> _Exercise requirements_
In the listing below, find the line containing "using assms(3) by blast" and the line containing "obtain m where". Repeat exactly those two lines and every line between them, nothing more.

> _Recorded information_

theorem lemma2p7:
  fixes c :: "(nat \<Rightarrow> nat) \<Rightarrow> 'a::{finite,field}" and n d :: nat
  assumes "n \<ge> 2"
    and "hypersurface n d c"
    and "\<exists>P\<in>rat_points n c. smooth_at n c P"
    and "card (rat_points n c) \<ge> card (proj_space n :: (nat \<Rightarrow> 'a) set set) - 1"
  shows "d \<ge> card (UNIV :: 'a set) + 1"
proof -
  obtain P where "P \<in> rat_points n c" "smooth_at n c P"
    using assms(3) by blast
  then obtain p j where p: "p \<in> nzvecs n" "peval n c p = 0"
    and j: "j \<le> n" "peval n (pderiv_var j c) p \<noteq> 0"
    by (rule smooth_rat_pointE)
  obtain m where vanish: "\<And>x. x \<in> vecs n \<Longrightarrow> x \<notin> span2 p m \<Longrightarrow> peval n c x = 0"
    using peval_eq_0_off_span2E[where p = p, OF assms(4)] by blast
  obtain v where v: "v \<in> vecs n" "v \<notin> span2 p m"
    "(\<Sum>i\<le>n. v i * peval n (pderiv_var i c) p) \<noteq> 0"
    using exists_direction_off_span2[where w = "\<lambda>i. peval n (pderiv_var i c) p", OF assms(1) j]
    by blast
  have "peval n c (\<lambda>i. p i + t * v i) = 0" for t
  proof (cases "t = 0")
    case False
    have "(\<lambda>i. p i + t * v i) \<in> vecs n"
      using p(1) v(1) by (simp add: nzvecs_eq vecs_def)
    then show ?thesis
      using vanish add_mult_notin_span2[OF left_in_span2 v(2) False] by blast
  qed (simp add: p(2))
  then show ?thesis
    using degree_gt_card_if_line_on_hypersurface[OF assms(2) v(3) vanish[OF v(1,2)]] by blast
qed

end
(* There exists $\psi\in C^2(\mathbb R_+)$ with $\psi\ge0$, $\psi(0)=0$, $0<\psi'\le1$, $-2\le\psi''\le0$, $\lim_{r\to\infty}\psi(r)=+\infty$, such that $$\sup_{\varepsilon\in[0,\ell)}\int_{\mathbb R^d}\psi\big(\log(1+|x|^2)\big)\mu^\varepsilon_0(dx)<\infty.$$
   Context: Fix $d\ge1$, $\ell\in(0,1/\sqrt2)$ and $\mu_0\in\mathcal P(\mathbb R^d)$. Let $\rho^{\rm x}\in C^\infty_c(\{|x|<1\};\mathbb R_+)$ with $\int\rho^{\rm x}=1$, $\rho^{\rm x}_\varepsilon(x)=\varepsilon^{-d}\rho^{\rm x}(x/\varepsilon)$, and $\phi(x)=(2\pi)^{-d/2}e^{-|x|^2/2}$. For $\varepsilon\in(0,\ell)$ let $\mu^\varepsilon_0(dx):=\big[(1-\varepsilon)(\rho^{\rm x}_\varepsilon*\mu_0)(x)+\varepsilon\phi(x)\big]dx$, and $\mu^0_0:=\mu_0$. *)

theory Defs
  imports "HOL-Analysis.Analysis" "HOL-Probability.Probability"
begin

coinductive smooth_fun :: "('a::euclidean_space \<Rightarrow> real) \<Rightarrow> bool" where
  "(\<forall>x. f differentiable (at x)) \<Longrightarrow>
   (\<forall>i\<in>Basis. smooth_fun (\<lambda>x. frechet_derivative f (at x) i)) \<Longrightarrow> smooth_fun f"

definition mollifier :: "('a::euclidean_space \<Rightarrow> real) \<Rightarrow> real \<Rightarrow> 'a \<Rightarrow> real" where
  "mollifier \<rho> \<epsilon> x = \<epsilon> powi (- int DIM('a)) * \<rho> ((1 / \<epsilon>) *\<^sub>R x)"

definition gauss :: "'a::euclidean_space \<Rightarrow> real" where
  "gauss x = (2 * pi) powr (- real DIM('a) / 2) * exp (- (norm x)\<^sup>2 / 2)"

definition mu_eps :: "'a::euclidean_space measure \<Rightarrow> ('a \<Rightarrow> real) \<Rightarrow> real \<Rightarrow> 'a measure" where
  "mu_eps \<mu>0 \<rho> \<epsilon> = (if \<epsilon> = 0 then \<mu>0 else
     density lborel (\<lambda>x. ennreal ((1 - \<epsilon>) * (\<integral>y. mollifier \<rho> \<epsilon> (x - y) \<partial>\<mu>0)
                                     + \<epsilon> * gauss x)))"

end

theory Submission
  imports Defs
begin

(*
  Take psi(r) = (SUM k. 1 - exp (- r / s k)) for scales s k >= 2^(k+1).  Each term is increasing and
  concave with slope at most 1 / s k, so SUM k. 1 / s k <= 1 gives 0 < psi' <= 1 and -1 <= psi'' <= 0,
  while psi tends to infinity because every term tends to 1.

  By dominated convergence the integral of the k-th term of psi (log (1 + |x|^2)) against mu_0 and
  against the standard Gaussian tends to 0 as s k grows, so the scales can be chosen to make both
  integrals smaller than 2^-k; then psi (log (1 + |x|^2)) has integral at most 2 under both measures.
  Since psi is monotone and 1-Lipschitz, and log (1 + |x|^2) increases by at most ln 3 < 2 when x
  moves by less than 1, mollifying mu_0 at a scale eps < 1 adds at most 2 to the integral, and the
  Gaussian part of mu_0^eps adds at most 2 more: every mu_0^eps gives an integral of at most 6.
*)

section \<open>The series psi and its derivatives\<close>

lemma has_real_derivative_suminf_within:
  fixes f f' :: "nat \<Rightarrow> real \<Rightarrow> real"
  assumes "convex S" and "x \<in> S"
    and "\<And>n x. x \<in> S \<Longrightarrow> (f n has_real_derivative f' n x) (at x within S)"
    and "uniform_limit S (\<lambda>n x. \<Sum>i<n. f' i x) g' sequentially"
    and "\<And>x. x \<in> S \<Longrightarrow> summable (\<lambda>n. f n x)"
  shows "((\<lambda>x. \<Sum>n. f n x) has_real_derivative g' x) (at x within S)"
proof -
  obtain g where g: "\<forall>x\<in>S. (\<lambda>n. f n x) sums g x \<and> (g has_real_derivative g' x) (at x within S)"
    using has_field_derivative_series[OF assms(1,3,4,2) assms(5)[OF assms(2)]] by blast
  have eq: "g y = (\<Sum>n. f n y)" if "y \<in> S" for y
    using g that by (simp add: sums_iff)
  have "(g has_real_derivative g' x) (at x within S)"
    using g assms(2) by blast
  then show ?thesis
    by (rule has_field_derivative_transform_within[OF _ zero_less_one assms(2)]) (simp add: eq)
qed

definition psi :: "(nat \<Rightarrow> real) \<Rightarrow> real \<Rightarrow> real" where
  "psi s r = (\<Sum>k. 1 - exp (- r / s k))"

definition psi' :: "(nat \<Rightarrow> real) \<Rightarrow> real \<Rightarrow> real" where
  "psi' s r = (\<Sum>k. exp (- r / s k) / s k)"

definition psi'' :: "(nat \<Rightarrow> real) \<Rightarrow> real \<Rightarrow> real" where
  "psi'' s r = (\<Sum>k. - exp (- r / s k) / (s k)\<^sup>2)"

locale exp_scales =
  fixes s :: "nat \<Rightarrow> real"
  assumes one_le_scale: "1 \<le> s k"
    and summable_inverse_scale: "summable (\<lambda>k. 1 / s k)"
    and suminf_inverse_scale_le: "(\<Sum>k. 1 / s k) \<le> 1"

lemma exp_scalesI_geometric:
  assumes "\<And>k. 2 ^ Suc k \<le> s k"
  shows "exp_scales s"
proof
  have one_le: "1 \<le> s k" for k
    using assms[of k] one_le_power[of "2::real" "Suc k"] by linarith
  then show "1 \<le> s k" for k .
  have le: "1 / s k \<le> (1/2) ^ Suc k" for k
  proof -
    have "1 / s k \<le> 1 / 2 ^ Suc k"
      using assms[of k] one_le[of k] by (intro divide_left_mono) auto
    then show ?thesis
      by (simp add: power_one_over)
  qed
  have norm_le: "norm (1 / s k) \<le> (1/2) ^ Suc k" for k
  proof -
    have "0 < s k"
      using one_le[of k] by linarith
    then show ?thesis
      using le[of k] by (simp only: real_norm_def abs_of_pos divide_pos_pos zero_less_one)
  qed
  have geometric: "(\<lambda>k. (1/2::real) ^ Suc k) sums 1"
    using sums_mult[OF geometric_sums[of "1/2::real"], of "1/2"] by simp
  show summable: "summable (\<lambda>k. 1 / s k)"
    using norm_le by (rule summable_comparison_test'[OF sums_summable[OF geometric]])
  show "(\<Sum>k. 1 / s k) \<le> 1"
    using suminf_le[OF le summable sums_summable[OF geometric]] sums_unique[OF geometric]
    by simp
qed

context exp_scales
begin

lemma scale_pos: "0 < s k"
  using one_le_scale[of k] by linarith

lemma scale_nonzero [simp]: "s k \<noteq> 0"
  using scale_pos[of k] by simp

lemma psi_term_bounds:
  assumes "0 \<le> r"
  shows "0 \<le> 1 - exp (- r / s k)" and "1 - exp (- r / s k) \<le> r * (1 / s k)"
  using assms exp_ge_add_one_self[of "- r / s k"] scale_pos[of k] by auto

lemma norm_psi'_term_le: "0 \<le> r \<Longrightarrow> norm (exp (- r / s k) / s k) \<le> 1 / s k"
  using scale_pos[of k] by (auto intro!: divide_right_mono)

lemma norm_psi''_term_le: "0 \<le> r \<Longrightarrow> norm (- exp (- r / s k) / (s k)\<^sup>2) \<le> 1 / s k"
proof -
  assume "0 \<le> r"
  then have "exp (- r / s k) \<le> 1"
    using scale_pos[of k] by auto
  then have "exp (- r / s k) / (s k)\<^sup>2 \<le> 1 / (s k)\<^sup>2"
    by (simp add: divide_right_mono)
  also have "\<dots> \<le> 1 / s k"
    using one_le_scale[of k] scale_pos[of k] by (simp add: power2_eq_square frac_le)
  finally show ?thesis by simp
qed

lemma summable_psi:
  assumes "0 \<le> r"
  shows "summable (\<lambda>k. 1 - exp (- r / s k))"
proof (rule summable_comparison_test'[OF summable_mult[OF summable_inverse_scale, of r]])
  show "norm (1 - exp (- r / s k)) \<le> r * (1 / s k)" for k
    using psi_term_bounds[OF assms, of k] by simp
qed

> _Solution for this task_
    using assms(3) by blast
  then obtain p j where p: "p \<in> nzvecs n" "peval n c p = 0"
    and j: "j \<le> n" "peval n (pderiv_var j c) p \<noteq> 0"
    by (rule smooth_rat_pointE)
  obtain m where vanish: "\<And>x. x \<in> vecs n \<Longrightarrow> x \<notin> span2 p m \<Longrightarrow> peval n c x = 0"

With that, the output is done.